Total the lines of the entries below that hold the string "longleftrightarrow", then write only that total.

---------------

definition star_cond :: "'a set \<Rightarrow> ('a \<Rightarrow> 'a \<Rightarrow> bool) \<Rightarrow> 'a set \<Rightarrow> nat set set
    \<Rightarrow> ((nat \<Rightarrow> 'a) \<Rightarrow> 'a) \<Rightarrow> nat \<Rightarrow> bool" where
  "star_cond P le Q D lim n \<longleftrightarrow>
     (\<forall>qss :: nat \<Rightarrow> nat \<Rightarrow> 'a. (\<forall>j<n. qss j \<in> seqs Q) \<longrightarrow>
       (\<forall>r\<in>P. (\<forall>j<n. le r (lim (qss j))) \<longrightarrow>
          {m. \<exists>s\<in>P. le s r \<and> (\<forall>j<n. le s (qss j m))} \<in> D))"

definition suff_D_lim_linked_by :: "'a set \<Rightarrow> ('a \<Rightarrow> 'a \<Rightarrow> bool) \<Rightarrow> 'a set \<Rightarrow> nat set set
    \<Rightarrow> ((nat \<Rightarrow> 'a) \<Rightarrow> 'a) \<Rightarrow> bool" where
  "suff_D_lim_linked_by P le Q D lim \<longleftrightarrow> lim_fun P Q lim \<and> (\<forall>n. star_cond P le Q D lim n)"

definition suff_uf_lim_linked :: "'a set \<Rightarrow> ('a \<Rightarrow> 'a \<Rightarrow> bool) \<Rightarrow> 'a set \<Rightarrow> bool" where
  "suff_uf_lim_linked P le Q \<longleftrightarrow>
     (\<forall>D. nonprincipal_ultrafilter D \<longrightarrow> (\<exists>lim. suff_D_lim_linked_by P le Q D lim))"

text \<open>Regular open subsets of P: these are the Boolean values [[phi]] = {p. p forces phi}.\<close>
definition reg_open :: "'a set \<Rightarrow> ('a \<Rightarrow> 'a \<Rightarrow> bool) \<Rightarrow> 'a set \<Rightarrow> bool" where
  "reg_open P le U \<longleftrightarrow> U \<subseteq> P
     \<and> (\<forall>p\<in>U. \<forall>q\<in>P. le q p \<longrightarrow> q \<in> U)
     \<and> (\<forall>p\<in>P. (\<forall>q\<in>P. le q p \<longrightarrow> (\<exists>r\<in>P. le r q \<and> r \<in> U)) \<longrightarrow> p \<in> U)"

---------------

- _Result_:
4